Fachartikel zum Thema Aortenklappenstenose

Kurz und bündig

Genaue Zahlen über die Häufigkeit der Herzklappenstenose sind derzeit schwierig zu erhalten. Angeborene Aortenklappenstenosen sind relativ selten während Stenosen aufgrund einer Arteriosklerose im Ansteigen begriffen sind.
Die degenerative kalzifizierte Aortenklappenstenose ist der häufigste erworbene Herzklappenfehler in den westlichen Industrienationen. Die Erkrankungsrate nimmt im 80. und 90.Lebensjahr zu.

Ursache

Fast immer liegt eine rheumatische Ursache zugrunde. Jedoch kann auch eine Arteriosklerose zu einer Klappenverkalkung und Einengung führen. Selten liegt auch ein angeborener Herzfehler vor.

Beschwerden

Die Aortenstenose führt zu einem enormen Austreibungswiderstand mit entsprechendem Druckgefälle zwischen linker Herzkammer und Hauptschlagader.
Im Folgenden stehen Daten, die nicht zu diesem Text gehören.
(* Let $\Omega\subseteq\mathbb{R}^N$ be open and bounded, $\sigma(x):=\mathrm{dist}(x,\partial\Omega)$, and let $\eta\in C^\infty(\Omega)$ be such that there exists $0<\kappa<1$ with $\kappa\sigma(x)^2\le\eta(x)\le\sigma(x)^2$ for every $x\in\Omega$. Let $T_n$ be as in the context. Then for every $f\in L^1(\Omega)$, $T_nf\to f$ in $L^1(\Omega)$ as $n\to\infty$.
   Context: $\rho\in C_c^\infty(\mathbb{R}^N)$ satisfies $0\le\rho\le1$, $\rho(x)=0$ iff $|x|\ge1$, $\rho$ is radially symmetric, and $\rho(x)\ge\rho(1/2)$ for all $|x|<1/2$. Set $M_\rho:=(\int_{B_1(0)}\rho(y)\,dy)^{-1}$. For $x\in\Omega$ and $n\in\mathbb{N}$ let $C_n(x):=M_\rho n^N/\eta(x)^N$, and for $f\in L^1_{loc}(\Omega)$ let $T_nf(x):=C_n(x)\int_\Omega\rho\big(\frac{x-y}{\frac1n\eta(x)}\big)f(y)\,dy$. *)

theory Defs
  imports "HOL-Analysis.Analysis"
begin

text \<open>C-infinity on an open set S: all iterated Frechet derivatives exist.
  D vs x is the iterated derivative of f at x applied to the directions in vs
  (most recently differentiated direction first).\<close>
definition smooth_on :: "'a::euclidean_space set \<Rightarrow> ('a \<Rightarrow> real) \<Rightarrow> bool" where
  "smooth_on S f \<longleftrightarrow>
     (\<exists>D :: 'a list \<Rightarrow> 'a \<Rightarrow> real.
        (\<forall>x\<in>S. D [] x = f x) \<and>
        (\<forall>vs. \<forall>x\<in>S. (D vs has_derivative (\<lambda>h. D (h # vs) x)) (at x)))"

definition M_rho :: "('a::euclidean_space \<Rightarrow> real) \<Rightarrow> real" where
  "M_rho \<rho> = 1 / (LINT y : ball 0 1 | lebesgue. \<rho> y)"

definition C_n :: "('a::euclidean_space \<Rightarrow> real) \<Rightarrow> ('a \<Rightarrow> real) \<Rightarrow> nat \<Rightarrow> 'a \<Rightarrow> real" where
  "C_n \<rho> \<eta> n x = M_rho \<rho> * real n ^ DIM('a) / \<eta> x ^ DIM('a)"

definition T_n :: "('a::euclidean_space \<Rightarrow> real) \<Rightarrow> 'a set \<Rightarrow> ('a \<Rightarrow> real) \<Rightarrow> nat
                    \<Rightarrow> ('a \<Rightarrow> real) \<Rightarrow> 'a \<Rightarrow> real" where
  "T_n \<rho> \<Omega> \<eta> n f x =
     C_n \<rho> \<eta> n x * (LINT y : \<Omega> | lebesgue. \<rho> ((real n / \<eta> x) *\<^sub>R (x - y)) * f y)"
lemma dderiv_commute:
  fixes f :: "'a::real_normed_vector \<Rightarrow> 'b::real_inner"
  assumes smooth: "smooth_on U f" and "x \<in> U"
  shows "dderiv (dderiv f v) w x = dderiv (dderiv f w) v x"
proof -
  define G1 where "G1 = dderiv (dderiv f v) w"
  define G2 where "G2 = dderiv (dderiv f w) v"
  define C where "C = norm v + norm w + 1"
  have "C > 0"
    by (simp add: C_def add_nonneg_pos)
  obtain \<delta> where "\<delta> > 0" and ball: "ball x \<delta> \<subseteq> U"
    using smooth \<open>x \<in> U\<close> open_contains_ball unfolding smooth_on_def by blast
  have "isCont G1 x" "isCont G2 x"
    unfolding G1_def G2_def using smooth \<open>x \<in> U\<close>
    by (auto intro!: differentiable_imp_continuous_within smooth_on_imp_differentiable smooth_on_dderiv)
  have close: "\<bar>G1 x \<bullet> k - G2 x \<bullet> k\<bar> \<le> 2 * e" if "e > 0" for e k
  proof -
    obtain d1 where "d1 > 0" and d1: "\<And>p. dist p x < d1 \<Longrightarrow> \<bar>G1 p \<bullet> k - G1 x \<bullet> k\<bar> < e"
      using continuous_at_eps_delta[THEN iffD1, OF continuous_inner[OF \<open>isCont G1 x\<close> continuous_const]]
        \<open>e > 0\<close> by (fastforce simp: dist_real_def)
    obtain d2 where "d2 > 0" and d2: "\<And>p. dist p x < d2 \<Longrightarrow> \<bar>G2 p \<bullet> k - G2 x \<bullet> k\<bar> < e"
      using continuous_at_eps_delta[THEN iffD1, OF continuous_inner[OF \<open>isCont G2 x\<close> continuous_const]]
        \<open>e > 0\<close> by (fastforce simp: dist_real_def)
    define h where "h = min \<delta> (min d1 d2) / (2 * C)"
    have "0 < h" "h * C < \<delta>" "h * C < d1" "h * C < d2"
      using \<open>\<delta> > 0\<close> \<open>d1 > 0\<close> \<open>d2 > 0\<close> \<open>C > 0\<close> by (auto simp: h_def)
    moreover have "h * (norm v + norm w) \<le> h * C"
      using \<open>0 < h\<close> by (simp add: C_def)
    ultimately obtain p1 p2 where "dist p1 x < d1" "dist p2 x < d2" "G1 p1 \<bullet> k = G2 p2 \<bullet> k"
      using mixed_partials_agree_nearby[OF smooth ball \<open>0 < h\<close>, of v w k, folded G1_def G2_def]
      by (smt (verit))
    then show ?thesis
      using d1[of p1] d2[of p2] by linarith
  qed
  have "G1 x \<bullet> k = G2 x \<bullet> k" for k
    using close[of "\<bar>G1 x \<bullet> k - G2 x \<bullet> k\<bar> / 4" k] by fastforce
  from this[of "G1 x - G2 x"] have "(G1 x - G2 x) \<bullet> (G1 x - G2 x) = 0"
    by (simp only: inner_diff_left diff_self)
  then show ?thesis
    by (simp add: G1_def G2_def)
qed
lemma full_left_hilbert_module_faithful:
  assumes "left_hilbert_module lact lip"
    and "closure (cspan (range (\<lambda>(x, y). lip x y))) = UNIV"
    and "\<And>x. lact a x = lact b x"
  shows "a = b"
proof -
  from assms(1) have lact_additive: "Modules.additive (\<lambda>c. lact c x)"
    and lip_additive: "Modules.additive (\<lambda>x. lip x y)"
    and lip_lact: "lip (lact d x) y = d * lip x y" for x y d
    unfolding left_hilbert_module_def by (meson additive.intro)+
  have "(a - b) * lip x y = 0" for x y
  proof -
    have "lact (a - b) x = 0"
      using additive.diff[OF lact_additive] assms(3) by simp
    then show ?thesis
      using lip_lact additive.zero[OF lip_additive] by metis
  qed
  then have "(a - b) * s = 0" if "s \<in> range (\<lambda>(x, y). lip x y)" for s
    using that by auto
  then have "a - b = 0"
    by (rule dense_cspan_left_annihilator_eq_0[OF assms(2)])
  then show ?thesis by simp
qed

lemma inner_if_Ad_right_covariant:
  assumes bimod: "hilbert_bimodule lact ract lip rip"
    and full: "closure (cspan (range (\<lambda>(x, y). rip x y))) = UNIV"
    and u: "unitary u" and u': "unitary u'"
    and cov: "\<And>x a. \<theta> (ract x a) = ract (\<theta> x) (\<sigma> a)"
    and \<theta>: "\<theta> = Ad lact ract u' u"
  shows "\<sigma> = (\<lambda>a. cstar u * a * u)"
proof
  fix a
  from bimod have R: "right_hilbert_module ract rip" and L: "left_hilbert_module lact lip"
    and lact_ract: "\<And>b x a. ract (lact b x) a = lact b (ract x a)"
    unfolding hilbert_bimodule_def by blast+
  from R have r_mult: "\<And>x a b. ract x (a * b) = ract (ract x a) b"
    unfolding right_hilbert_module_def by meson
  from L have l_mult: "\<And>a b x. lact (a * b) x = lact a (lact b x)" and l_one: "\<And>x. lact 1 x = x"
    unfolding left_hilbert_module_def by meson+
  have lact_cancel: "lact (cstar u') z = lact (cstar u') z' \<Longrightarrow> z = z'" for z z'
    using u' unfolding unitary_def by (metis l_mult l_one)
  have "lact (cstar u') (ract x (a * u)) = lact (cstar u') (ract x (u * \<sigma> a))" for x
  proof -
    have "lact (cstar u') (ract x (a * u)) = \<theta> (ract x a)"
      by (simp add: \<theta> Ad_def r_mult)
    also have "\<dots> = ract (\<theta> x) (\<sigma> a)"
      by (rule cov)
    also have "\<dots> = lact (cstar u') (ract x (u * \<sigma> a))"
      by (simp add: \<theta> Ad_def lact_ract r_mult)
    finally show ?thesis .
  qed
  then have "a * u = u * \<sigma> a"
    using full_right_hilbert_module_faithful[OF R full] lact_cancel by blast
  then show "\<sigma> a = cstar u * a * u"
    using u unfolding unitary_def by (metis mult.assoc mult_1_left)
qed

lemma inner_if_Ad_left_covariant:
  assumes bimod: "hilbert_bimodule lact ract lip rip"
    and full: "closure (cspan (range (\<lambda>(x, y). lip x y))) = UNIV"
    and u: "unitary u" and u': "unitary u'"
    and cov: "\<And>b x. \<theta> (lact b x) = lact (\<sigma> b) (\<theta> x)"
    and \<theta>: "\<theta> = Ad lact ract u' u"
  shows "\<sigma> = (\<lambda>b. cstar u' * b * u')"
proof
  fix b
  from bimod have R: "right_hilbert_module ract rip" and L: "left_hilbert_module lact lip"
    and lact_ract: "\<And>b x a. ract (lact b x) a = lact b (ract x a)"
    unfolding hilbert_bimodule_def by blast+
  from L have l_mult: "\<And>a b x. lact (a * b) x = lact a (lact b x)"
    unfolding left_hilbert_module_def by meson
  from R have r_mult: "\<And>x a b. ract x (a * b) = ract (ract x a) b" and r_one: "\<And>x. ract x 1 = x"
    unfolding right_hilbert_module_def by meson+
  have ract_cstar_u_u: "ract (ract z (cstar u)) u = z" for z
    using u unfolding unitary_def by (metis r_mult r_one)
  have "lact (cstar u' * b) z = lact (\<sigma> b * cstar u') z" for z
  proof -
    let ?x = "ract z (cstar u)"
    have "lact (cstar u' * b) z = \<theta> (lact b ?x)"
      by (simp add: \<theta> Ad_def lact_ract l_mult ract_cstar_u_u)
    also have "\<dots> = lact (\<sigma> b) (\<theta> ?x)"
      by (rule cov)
    also have "\<dots> = lact (\<sigma> b * cstar u') z"
      by (simp add: \<theta> Ad_def l_mult ract_cstar_u_u)
    finally show ?thesis .
  qed
  then have "cstar u' * b = \<sigma> b * cstar u'"
    by (rule full_left_hilbert_module_faithful[OF L full])
  then show "\<sigma> b = cstar u' * b * u'"
    using u' unfolding unitary_def by (metis mult.assoc mult_1_right)
qed

theorem proposition5p2:
  fixes G :: "('g, 'm) monoid_scheme" and T :: "'g topology"
    and \<alpha> :: "'g \<Rightarrow> 'a::cstar_algebra_1 \<Rightarrow> 'a"
    and \<beta> :: "'g \<Rightarrow> 'b::cstar_algebra_1 \<Rightarrow> 'b"
    and lact :: "'b \<Rightarrow> 'e::complex_vector \<Rightarrow> 'e" and ract :: "'e \<Rightarrow> 'a \<Rightarrow> 'e"
    and lip :: "'e \<Rightarrow> 'e \<Rightarrow> 'b" and rip :: "'e \<Rightarrow> 'e \<Rightarrow> 'a"
    and \<eta> :: "'g \<Rightarrow> 'e \<Rightarrow> 'e"
  assumes "cstar_dynamical_system G T \<alpha>"
    and "cstar_dynamical_system G T \<beta>"
    and "hilbert_bimodule lact ract lip rip"
    and "full_bimodule lip rip"
    and "compatible_action G T lact ract lip rip \<beta> \<alpha> \<eta>"
    and "outer_action G \<alpha> \<or> outer_action G \<beta>"
  shows "outer_bimodule_action G lact ract \<eta>"
  unfolding outer_bimodule_action_def
proof (intro ballI impI allI notI)
  fix t u u'
  assume t: "t \<in> carrier G" "t \<noteq> \<one>\<^bsub>G\<^esub>" and uu: "unitary u \<and> unitary u'"
    and Ad: "\<eta> t = Ad lact ract u' u"
  from assms(3,4) have bimod: "hilbert_bimodule lact ract lip rip"
    and full_l: "closure (cspan (range (\<lambda>(x, y). lip x y))) = UNIV"
    and full_r: "closure (cspan (range (\<lambda>(x, y). rip x y))) = UNIV"
    unfolding full_bimodule_def by blast+
  from assms(5) t(1) have cov_r: "\<And>x a. \<eta> t (ract x a) = ract (\<eta> t x) (\<alpha> t a)"
    and cov_l: "\<And>b x. \<eta> t (lact b x) = lact (\<beta> t b) (\<eta> t x)"
    unfolding compatible_action_def by blast+
  have "\<alpha> t = (\<lambda>a. cstar u * a * u)"
    using inner_if_Ad_right_covariant[OF bimod full_r _ _ cov_r Ad] uu by blast
  moreover have "\<beta> t = (\<lambda>b. cstar u' * b * u')"
    using inner_if_Ad_left_covariant[OF bimod full_l _ _ cov_l Ad] uu by blast
  ultimately show False
    using assms(6) t uu unfolding outer_action_def by blast
qed

end
lemma recursive_equilibrium_zbar_update:
  "recursive_equilibrium (e\<lparr>zbar := z\<rparr>) q cs Bst
     (\<lambda>w B b. consL (e\<lparr>zbar := z\<rparr>) q Gam w B b (bs w B b)) bs mR mA ds VR VA
     (\<lambda>w B b. WR w B b + k) (\<lambda>y. WA y + k) Gam"
proof -
  have integrability: "\<forall>y'\<in>Ys e. \<forall>B'\<in>Bs e \<union> {0}.
      integrable (MX e) (\<lambda>x. Vfun e VR VA (x, y') B') \<and> integrable (MX e) (\<lambda>x. VA (x, y')) \<and>
      (\<forall>b'\<in>Bs e \<union> {0}.
         integrable (MX e) (\<lambda>x. Wfun ds (\<lambda>w B b. WR w B b + k) (\<lambda>y. WA y + k) (x, y') B' b'))"
  proof -
    interpret prob_space "MX e" by (rule ps)
    show ?thesis
      using eq recursive_equilibrium_integrable_Wfun[OF eq]
      unfolding recursive_equilibrium_def by (simp add: Wfun_add_const)
  qed
  show ?thesis
    using eq integrability lender_repayment_zbar_update lender_autarky_zbar_update
    unfolding recursive_equilibrium_def zbar_update_invariant
    by (elim conjE) (intro conjI; (assumption | simp only: simp_thms))
qed

end

theorem lemma1:
  fixes e :: economy and zhat :: real
    and q :: "real \<Rightarrow> real \<Rightarrow> real"
    and cs Bst ds VR Gam :: "real \<times> real \<Rightarrow> real \<Rightarrow> real"
    and cL bs WR :: "real \<times> real \<Rightarrow> real \<Rightarrow> real \<Rightarrow> real"
    and mR :: "real \<times> real \<Rightarrow> real \<Rightarrow> real \<Rightarrow> (real \<Rightarrow> real)"
    and mA :: "real \<Rightarrow> (real \<Rightarrow> real)"
    and VA :: "real \<times> real \<Rightarrow> real"
    and WA :: "real \<Rightarrow> real"
  assumes "economy_ok e"
    and "recursive_equilibrium e q cs Bst cL bs mR mA ds VR VA WR WA Gam"
    and "zhat \<noteq> zbar e"
  shows "\<exists>cL' bs' mR' mA' VR' VA' WR' WA' Gam'.
           recursive_equilibrium (e\<lparr>zbar := zhat\<rparr>) q cs Bst cL' bs' mR' mA' ds VR' VA' WR' WA' Gam'"
proof -
  have "prob_space (MX e)" and "gam e < 1"
    using assms(1) by (simp_all add: economy_ok_def)
  moreover define k where "k = (zhat - zbar e) / (1 - gam e)"
  ultimately have "zhat - zbar e + gam e * k = k"
    by (simp add: field_simps)
  then show ?thesis
    using recursive_equilibrium_zbar_update[OF assms(2) \<open>prob_space (MX e)\<close>] by blast
qed

end
(* Let $\beta\in(1,2)$, $M\ge2$, and let $v=(v_0,\dots,v_M)$ be any grid function with $v_0=v_M=0$. Then $$\frac{c^{(\beta)}_\ast}{(b-a)^\beta}\,h\sum_{j=1}^{M-1}v_j^2\le h^{1-\beta}\sum_{j=1}^{M-1}\Big(\sum_{k=0}^{M}r^{(\beta)}_{j-k}v_k\Big)v_j\le 2r^{(\beta)}_0h^{1-\beta}\sum_{j=1}^{M-1}v_j^2,$$ where $c^{(\beta)}_\ast=\frac{(1-\beta)(2-\beta)(3-\beta)4^{\beta}e^{-9/4}\Psi_\beta}{3}$.
   Context: $a<b$, $h=(b-a)/M$, $x_j=a+jh$. Let $g^{(\beta)}_k=(-1)^k\binom{\beta}{k}$, $\Psi_\beta=\frac{1}{2\cos(\pi\beta/2)}$, and $r^{(\beta)}_0=2\Psi_\beta(\frac{\beta}{2}g^{(\beta)}_1+\frac{2-\beta}{2}g^{(\beta)}_0)$, $r^{(\beta)}_1=\Psi_\beta(\frac{\beta}{2}g^{(\beta)}_0+\frac{2-\beta}{2}g^{(\beta)}_1+\frac{\beta}{2}g^{(\beta)}_2)$, $r^{(\beta)}_k=\Psi_\beta(\frac{\beta}{2}g^{(\beta)}_{k+1}+\frac{2-\beta}{2}g^{(\beta)}_k)$ for $k\ge2$, $r^{(\beta)}_{-k}=r^{(\beta)}_k$ for $k\ge1$. *)

theory Defs
  imports "HOL-Analysis.Analysis"
begin

definition gcoef :: "real \<Rightarrow> nat \<Rightarrow> real" where
  "gcoef \<beta> k = (-1) ^ k * (\<beta> gchoose k)"

definition Psi :: "real \<Rightarrow> real" where
  "Psi \<beta> = 1 / (2 * cos (pi * \<beta> / 2))"

definition rcoef_nat :: "real \<Rightarrow> nat \<Rightarrow> real" where
  "rcoef_nat \<beta> k =
     (if k = 0 then 2 * Psi \<beta> * (\<beta>/2 * gcoef \<beta> 1 + (2-\<beta>)/2 * gcoef \<beta> 0)
      else if k = 1 then Psi \<beta> * (\<beta>/2 * gcoef \<beta> 0 + (2-\<beta>)/2 * gcoef \<beta> 1
                                   + \<beta>/2 * gcoef \<beta> 2)
      else Psi \<beta> * (\<beta>/2 * gcoef \<beta> (k+1) + (2-\<beta>)/2 * gcoef \<beta> k))"

definition rcoef :: "real \<Rightarrow> int \<Rightarrow> real" where
  "rcoef \<beta> k = rcoef_nat \<beta> (nat \<bar>k\<bar>)"

definition cstar :: "real \<Rightarrow> real" where
  "cstar \<beta> = (1-\<beta>) * (2-\<beta>) * (3-\<beta>) * 4 powr \<beta> * exp (-9/4) * Psi \<beta> / 3"

end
Durch die Druckbelastung kommt es zu einer Linksherzschwäche, die schleichend fortschreitet. Sie führt zu Blässe, schneller Ermüdung, Kreislaufkollaps bei Anstrengung, langsamem Puls, kleiner Blutdruckamplitude, Herzschmerzen unter Belastung, Rhythmusstörungen, die in ca. 15 % tödlich sein können (es kann zur akuten Arrhythmie bis hin zu Kammerflimmern kommen). Es kann zu jahrelang uncharakteristischen Beschwerden kommen, bis die Druckbelastung plötzlich nicht mehr kompensiert werden kann und akute Beschwerden hervorruft. Aufgrund einer Mangel – Durchblutung des Gehirns kann es zu Bewusstlosigkeit kommen. Der hohe Druck in der linken Herzkammer verschlechtert auch die Durchblutung der Herzkranzgefäße. Dies kann zu Angina pectoris führen. Treten Atemnot bei Belastung, Angina pectoris und Synkope auf, ist die Prognose der Erkrankung sehr schlecht. Auch wenn man alle medikamentösen Möglichkeiten ausschöpft, ist die Zeit vom Auftreten der Beschwerden bis zum Tod beim Auftreten von Angina pectoris meist 5 Jahre, bei einer Synkope durchschnittlich 3 Jahre und bei zeichne der Herzinsuffizienz 2 Jahre.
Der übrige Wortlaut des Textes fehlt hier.